All statistical analyses were computed using the Statistics Package for Social Sciences (Version 24.0; IBM Corporation, New York, USA). Descriptive statistics (mean±standard deviation [SD]; 95% confidence intervals [CI]) were calculated for each test parameter. A one-way analysis of variance (ANOVA), with Bonferroni post hoc adjustment for multiple pairwise comparisons, was used to calculate any differences between the different classes, with males and females analyzed separately. Statistical significance was set at p<0.05 a priori. Effect sizes (d) were also calculated for the between group comparisons, where the difference between the means was divided by the pooled SD.²⁷ In accordance with Hopkins,²⁸ a d less than 0.2 was considered a trivial effect; 0.2 to 0.6 a small effect; 0.6 to 1.2 a moderate effect; 1.2 to 2.0 a large effect; 2.0 to 4.0 a very large effect; and 4.0 and above an extremely large effect. As described by Lockie et al²⁹ effect sizes were included in this research to provide useful and practical information. Furthermore, scatter plots were also produced for each fitness test to derive the spread of scores relative to the individual CA recruit from each class.

RESULTS

The descriptive data for the overall class means is shown in Table 1, and there were no significant differences between the classes when male and female data was combined for any of the assessments (p=0.093-0.998). All between-class effect sizes for the comparisons were trivial-to-small (Table 2). Descriptive data for the male and female CA recruits from the three classes is shown in Table 3, while the pairwise effect size data for the males and females is displayed in Tables 4 and 5, respectively. With regards to the males, there were no significant differences between the three classes in age, body mass, number of push-ups, 2.4-km run time, or estimated VO2max (p=0.154-0.946). There was a moderate effect size for the greater number of push-ups completed by Class 3 compared to Class 2, although the difference was not significant (p=0.366). The initial one-way ANOVA suggested that there were significant differences in the number of sit-ups (p=0.035) and 201-m run time (p=0.047). The post hoc analysis revealed that the males from Class 2 completed significantly more sit-ups compared to the Class 3 males (24%; p=0.042), which had a moderate effect size. Regarding the 201-m run, the post hoc revealed that there were no significant between group differences, although the faster time for Class 3 approached significance when compared to Classes 1 (18%; p=0.086) and 2 (19%; p=0.079). There was also a moderate effect size for the difference between Classes 2 and 3.

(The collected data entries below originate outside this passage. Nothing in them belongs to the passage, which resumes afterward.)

(* The matrix $$U_7=S_1\otimes S_2\otimes S_0+S_2\otimes S_3\otimes S_0+S_0\otimes S_0\otimes S_1+S_3\otimes S_1\otimes S_1+S_1\otimes S_1\otimes S_2+S_2\otimes S_0\otimes S_2+S_0\otimes S_3\otimes S_3+S_3\otimes S_2\otimes S_3$$ on $\mathbb{C}^2\otimes\mathbb{C}^2\otimes\mathbb{C}^2$ is unitary and $\mathrm{sr}(U_7)=7$.
   Context: $S_0=\begin{bmatrix}1&0\\0&0\end{bmatrix}$, $S_1=\begin{bmatrix}0&1\\0&0\end{bmatrix}$, $S_2=\begin{bmatrix}0&0\\1&0\end{bmatrix}$, $S_3=\begin{bmatrix}0&0\\0&1\end{bmatrix}$. For a matrix $U$ on $\mathbb{C}^2\otimes\mathbb{C}^2\otimes\mathbb{C}^2$ (systems $A,B,C$), its Schmidt rank $\mathrm{sr}(U)$ is the least integer $r$ such that $U=\sum_{j=1}^r A_j\otimes B_j\otimes C_j$ with $A_j,B_j,C_j$ complex $2\times 2$ matrices (i.e. the tensor rank of $U$). *)

theory Defs
  imports "Jordan_Normal_Form.Matrix"
begin

definition kron :: "'a::times mat \<Rightarrow> 'a mat \<Rightarrow> 'a mat" where
  "kron A B = mat (dim_row A * dim_row B) (dim_col A * dim_col B)
     (\<lambda>(i, j). A $$ (i div dim_row B, j div dim_col B) * B $$ (i mod dim_row B, j mod dim_col B))"

definition kron3 :: "'a::times mat \<Rightarrow> 'a mat \<Rightarrow> 'a mat \<Rightarrow> 'a mat" where
  "kron3 A B C = kron (kron A B) C"

definition adj :: "complex mat \<Rightarrow> complex mat" where
  "adj U = mat (dim_col U) (dim_row U) (\<lambda>(i, j). cnj (U $$ (j, i)))"

definition unitary_mat :: "complex mat \<Rightarrow> bool" where
  "unitary_mat U \<longleftrightarrow> square_mat U \<and> U * adj U = 1\<^sub>m (dim_row U) \<and> adj U * U = 1\<^sub>m (dim_row U)"

definition S0 :: "complex mat" where "S0 = mat_of_rows_list 2 [[1, 0], [0, 0]]"
definition S1 :: "complex mat" where "S1 = mat_of_rows_list 2 [[0, 1], [0, 0]]"
definition S2 :: "complex mat" where "S2 = mat_of_rows_list 2 [[0, 0], [1, 0]]"
definition S3 :: "complex mat" where "S3 = mat_of_rows_list 2 [[0, 0], [0, 1]]"

definition msum :: "nat \<Rightarrow> nat \<Rightarrow> (nat \<Rightarrow> complex mat) \<Rightarrow> nat \<Rightarrow> complex mat" where
  "msum n m F r = foldr (\<lambda>j acc. F j + acc) [0..<r] (0\<^sub>m n m)"

definition is_sr_decomp :: "complex mat \<Rightarrow> nat \<Rightarrow> bool" where
  "is_sr_decomp U r \<longleftrightarrow> (\<exists>A B C :: nat \<Rightarrow> complex mat.
     (\<forall>j<r. A j \<in> carrier_mat 2 2 \<and> B j \<in> carrier_mat 2 2 \<and> C j \<in> carrier_mat 2 2) \<and>
     U = msum 8 8 (\<lambda>j. kron3 (A j) (B j) (C j)) r)"

definition schmidt_rank :: "complex mat \<Rightarrow> nat" where
  "schmidt_rank U = (LEAST r. is_sr_decomp U r)"

definition U7 :: "complex mat" where
  "U7 = kron3 S1 S2 S0 + kron3 S2 S3 S0 + kron3 S0 S0 S1 + kron3 S3 S1 S1
      + kron3 S1 S1 S2 + kron3 S2 S0 S2 + kron3 S0 S3 S3 + kron3 S3 S2 S3"

end

theory Submission
  imports Defs "Jordan_Normal_Form.Determinant"
begin

text \<open>
  \<open>U\<^sub>7\<close> permutes the computational basis, so it is unitary, and an explicit sum of seven
  product operators shows \<open>sr(U\<^sub>7) \<le> 7\<close>.

  For the lower bound, expand every \<open>2 \<times> 2\<close> matrix in the basis \<open>S\<^sub>0, \<dots>, S\<^sub>3\<close>, so that
  \<open>U\<^sub>7\<close> becomes a tensor \<open>T \<in> \<complex>\<^sup>4 \<otimes> \<complex>\<^sup>4 \<otimes> \<complex>\<^sup>4\<close>, and suppose \<open>T = \<Sum>\<^sub>\<rho><6 a\<^sub>\<rho> \<otimes> b\<^sub>\<rho> \<otimes> c\<^sub>\<rho>\<close>.
  Contracting \<open>T\<close> with \<open>x\<close> in the third and \<open>y\<close> in the second slot is linear in \<open>y\<close> with
  determinant \<open>-q(x)\<^sup>2\<close>, where \<open>q(x) = x\<^sub>0x\<^sub>1 - x\<^sub>2x\<^sub>3\<close> is a nondegenerate quadratic form.
  If \<open>x\<close> is annihilated by three of the \<open>c\<^sub>\<rho>\<close>, choosing \<open>y\<close> orthogonal to the other three
  \<open>b\<^sub>\<rho>\<close> kills that contraction, so \<open>q(x) = 0\<close>; together with the analogous contraction
  against the first slot this shows that the common kernel of any three \<open>c\<^sub>\<rho>\<close> is at most a
  line, that of any five is zero, and that of any two is at most a plane.  A plane
  containing three distinct isotropic lines is totally isotropic, while \<open>q\<close> has no totally
  isotropic subspace of dimension three; a case analysis over the six indices then shows
  that no such decomposition exists.
\<close>

datatype idx4 = I0 | I1 | I2 | I3

lemma all_idx4: "(\<forall>t. P t) \<longleftrightarrow> P I0 \<and> P I1 \<and> P I2 \<and> P I3"
  by (metis idx4.exhaust)

definition sum4 :: "(idx4 \<Rightarrow> complex) \<Rightarrow> complex" where
  "sum4 f = f I0 + f I1 + f I2 + f I3"

definition dot :: "(idx4 \<Rightarrow> complex) \<Rightarrow> (idx4 \<Rightarrow> complex) \<Rightarrow> complex" where
  "dot v w = sum4 (\<lambda>t. v t * w t)"

definition nonzero :: "(idx4 \<Rightarrow> complex) \<Rightarrow> bool" where
  "nonzero x \<longleftrightarrow> (\<exists>t. x t \<noteq> 0)"

lemma ex_idx4: "(\<exists>t. P t) \<longleftrightarrow> P I0 \<or> P I1 \<or> P I2 \<or> P I3"
  by (metis idx4.exhaust)

lemma nonzero_iff: "nonzero x \<longleftrightarrow> x I0 \<noteq> 0 \<or> x I1 \<noteq> 0 \<or> x I2 \<noteq> 0 \<or> x I3 \<noteq> 0"
  unfolding nonzero_def ex_idx4 ..

lemma sum4_sum: "sum4 (\<lambda>t. \<Sum>\<rho>\<in>A. f \<rho> t) = (\<Sum>\<rho>\<in>A. sum4 (f \<rho>))"
  by (simp add: sum4_def sum.distrib)

lemma dot_lincomb: "dot v (\<lambda>t. \<alpha> * x t + \<beta> * y t) = \<alpha> * dot v x + \<beta> * dot v y"
  by (simp add: dot_def sum4_def algebra_simps)

lemma dot_lincomb3:
  "dot v (\<lambda>t. \<alpha> * x t + \<beta> * y t + \<gamma> * z t) = \<alpha> * dot v x + \<beta> * dot v y + \<gamma> * dot v z"
  by (simp add: dot_def sum4_def algebra_simps)

lemma dot_scale: "dot v (\<lambda>t. \<mu> * x t) = \<mu> * dot v x"
  by (simp add: dot_def sum4_def algebra_simps)

lemma dot_cnj_self_nonzero:
  assumes "nonzero y"
  shows "dot (\<lambda>t. cnj (y t)) y \<noteq> 0"
proof
  assume "dot (\<lambda>t. cnj (y t)) y = 0"
  moreover have "cnj z * z = complex_of_real ((cmod z)\<^sup>2)" for z
    by (metis complex_norm_square mult.commute)
  ultimately have "complex_of_real
      ((cmod (y I0))\<^sup>2 + (cmod (y I1))\<^sup>2 + (cmod (y I2))\<^sup>2 + (cmod (y I3))\<^sup>2) = 0"
    by (simp add: dot_def sum4_def)
  then have "(cmod (y I0))\<^sup>2 + (cmod (y I1))\<^sup>2 + (cmod (y I2))\<^sup>2 + (cmod (y I3))\<^sup>2 = 0"
    by (simp only: of_real_eq_0_iff)
  then show False
    using assms by (simp add: add_nonneg_eq_0_iff nonzero_iff)
qed

definition idx4_of_nat :: "nat \<Rightarrow> idx4" where
  "idx4_of_nat j = (if j = 0 then I0 else if j = 1 then I1 else if j = 2 then I2 else I3)"

definition nat_of_idx4 :: "idx4 \<Rightarrow> nat" where
  "nat_of_idx4 t = (case t of I0 \<Rightarrow> 0 | I1 \<Rightarrow> 1 | I2 \<Rightarrow> 2 | I3 \<Rightarrow> 3)"

lemma nat_of_idx4_less [simp]: "nat_of_idx4 t < 4"
  by (cases t) (auto simp: nat_of_idx4_def)

lemma idx4_of_nat_of_idx4 [simp]: "idx4_of_nat (nat_of_idx4 t) = t"
  by (cases t) (auto simp: nat_of_idx4_def idx4_of_nat_def)

lemma nat_of_idx4_of_nat: "j < 4 \<Longrightarrow> nat_of_idx4 (idx4_of_nat j) = j"
  by (auto simp: nat_of_idx4_def idx4_of_nat_def numeral_eq_Suc less_Suc_eq)

section \<open>Linear forms and determinants on \<open>\<complex>\<^sup>4\<close>\<close>

definition mat4 :: "(idx4 \<Rightarrow> idx4 \<Rightarrow> complex) \<Rightarrow> complex mat" where
  "mat4 r = mat 4 4 (\<lambda>(i, j). r (idx4_of_nat i) (idx4_of_nat j))"

lemma mat4_carrier: "mat4 r \<in> carrier_mat 4 4"
  by (simp add: mat4_def)

lemma transpose_mat4: "transpose_mat (mat4 r) = mat4 (\<lambda>s t. r t s)"
  by (rule eq_matI) (auto simp: mat4_def)

lemma mat4_mult_vec_index:
  assumes "v \<in> carrier_vec 4" "i < 4"
  shows "(mat4 r *\<^sub>v v) $ i = dot (r (idx4_of_nat i)) (\<lambda>t. v $ nat_of_idx4 t)"
proof -
  have "(\<Sum>j\<in>{0..<4::nat}. f j) = f 0 + f 1 + f 2 + (f 3 :: complex)" for f
    by (simp add: eval_nat_numeral atLeast0LessThan)
  with assms show ?thesis
    by (simp add: mat4_def scalar_prod_def dot_def sum4_def idx4_of_nat_def nat_of_idx4_def)
qed

lemma det_mat4_eq_0_iff: "det (mat4 r) = 0 \<longleftrightarrow> (\<exists>y. nonzero y \<and> (\<forall>s. dot (r s) y = 0))"
proof -
  have zero_iff: "v = 0\<^sub>v 4 \<longleftrightarrow> \<not> nonzero (\<lambda>t. v $ nat_of_idx4 t)" if v: "v \<in> carrier_vec 4" for v
  proof
    assume "\<not> nonzero (\<lambda>t. v $ nat_of_idx4 t)"
    then have zero_at: "v $ nat_of_idx4 (idx4_of_nat j) = 0" for j
      by (simp add: nonzero_def)
    have "v $ j = 0" if "j < 4" for j
      using zero_at[of j] by (simp add: nat_of_idx4_of_nat[OF that])
    then show "v = 0\<^sub>v 4"
      using v by (intro eq_vecI) auto
  qed (auto simp: nonzero_def)
  have kernel_iff: "mat4 r *\<^sub>v v = 0\<^sub>v 4 \<longleftrightarrow> (\<forall>s. dot (r s) (\<lambda>t. v $ nat_of_idx4 t) = 0)"
    if v: "v \<in> carrier_vec 4" for v
  proof
    assume "mat4 r *\<^sub>v v = 0\<^sub>v 4"
    then have "(mat4 r *\<^sub>v v) $ nat_of_idx4 s = 0" for s
      by simp
    then show "\<forall>s. dot (r s) (\<lambda>t. v $ nat_of_idx4 t) = 0"
      using mat4_mult_vec_index[OF v nat_of_idx4_less] by simp
  next
    assume "\<forall>s. dot (r s) (\<lambda>t. v $ nat_of_idx4 t) = 0"
    then show "mat4 r *\<^sub>v v = 0\<^sub>v 4"
      using mat4_mult_vec_index[OF v] by (intro eq_vecI) (auto simp: mat4_def)
  qed
  show ?thesis
    unfolding det_0_iff_vec_prod_zero[OF mat4_carrier]
  proof
    assume "\<exists>v. v \<in> carrier_vec 4 \<and> v \<noteq> 0\<^sub>v 4 \<and> mat4 r *\<^sub>v v = 0\<^sub>v 4"
    then show "\<exists>y. nonzero y \<and> (\<forall>s. dot (r s) y = 0)"
      using zero_iff kernel_iff by blast
  next
    assume "\<exists>y. nonzero y \<and> (\<forall>s. dot (r s) y = 0)"
    then obtain y where y: "nonzero y" "\<forall>s. dot (r s) y = 0"
      by blast
    let ?v = "vec 4 (\<lambda>j. y (idx4_of_nat j))"
    have "?v \<in> carrier_vec 4" "?v \<noteq> 0\<^sub>v 4" "mat4 r *\<^sub>v ?v = 0\<^sub>v 4"
      using zero_iff[of ?v] kernel_iff[of ?v] y by simp_all
    then show "\<exists>v. v \<in> carrier_vec 4 \<and> v \<noteq> 0\<^sub>v 4 \<and> mat4 r *\<^sub>v v = 0\<^sub>v 4"
      by blast
  qed
qed

lemma det_mat4_eq_0_iff_dependent:
  "det (mat4 r) = 0 \<longleftrightarrow> (\<exists>d. nonzero d \<and> (\<forall>t. sum4 (\<lambda>s. d s * r s t) = 0))"
proof -
  have "det (mat4 r) = det (mat4 (\<lambda>s t. r t s))"
    using det_transpose[OF mat4_carrier, of r] by (simp add: transpose_mat4)
  then show ?thesis
    using det_mat4_eq_0_iff[of "\<lambda>s t. r t s"] by (simp add: dot_def mult.commute)
qed

lemma linear_forms3_common_zero:
  obtains y where "nonzero y" "dot v1 y = 0" "dot v2 y = 0" "dot v3 y = 0"
proof -
  define r where "r = (\<lambda>s. if s = I0 then v1 else if s = I1 then v2 else if s = I2 then v3 else (\<lambda>_. 0))"
  have "det (mat4 r) = 0"
    unfolding det_mat4_eq_0_iff_dependent
    by (rule exI[of _ "\<lambda>s. if s = I3 then 1 else 0"]) (simp add: nonzero_def sum4_def r_def)
  then obtain y where y: "nonzero y" "\<And>s. dot (r s) y = 0"
    unfolding det_mat4_eq_0_iff by blast
  show ?thesis
    by (rule that[OF y(1)]) (use y(2)[of I0] y(2)[of I1] y(2)[of I2] in \<open>simp_all add: r_def\<close>)
qed

definition indep3 :: "(idx4 \<Rightarrow> complex) \<Rightarrow> (idx4 \<Rightarrow> complex) \<Rightarrow> (idx4 \<Rightarrow> complex) \<Rightarrow> bool" where
  "indep3 v1 v2 v3 \<longleftrightarrow>
     (\<forall>\<alpha> \<beta> \<gamma>. (\<forall>t. \<alpha> * v1 t + \<beta> * v2 t + \<gamma> * v3 t = 0) \<longrightarrow> \<alpha> = 0 \<and> \<beta> = 0 \<and> \<gamma> = 0)"

definition parallel :: "(idx4 \<Rightarrow> complex) \<Rightarrow> (idx4 \<Rightarrow> complex) \<Rightarrow> bool" where
  "parallel x y \<longleftrightarrow> (\<exists>\<mu>. \<forall>t. y t = \<mu> * x t)"

definition in_span3 ::
  "(idx4 \<Rightarrow> complex) \<Rightarrow> (idx4 \<Rightarrow> complex) \<Rightarrow> (idx4 \<Rightarrow> complex) \<Rightarrow> (idx4 \<Rightarrow> complex) \<Rightarrow> bool" where
  "in_span3 v1 v2 v3 w \<longleftrightarrow> (\<exists>\<alpha> \<beta> \<gamma>. \<forall>t. w t = \<alpha> * v1 t + \<beta> * v2 t + \<gamma> * v3 t)"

There were no significant differences between classes for the female CA recruits in age, body mass, or any of the fitness assessments (p=0.184-0.961). There were moderate effect sizes for the greater age for Class 3 compared to Class 2, and body mass for Class 3 compared to Class 1, but both were non-significant (p=0.331 and 0.203, respectively). There were also moderate effect sizes for the 23% greater number of sit-ups and 16% higher estimated VO2max for Class 1 compared to Class 3, but again, these were non-significant (p=0.761 and 0.253, respectively).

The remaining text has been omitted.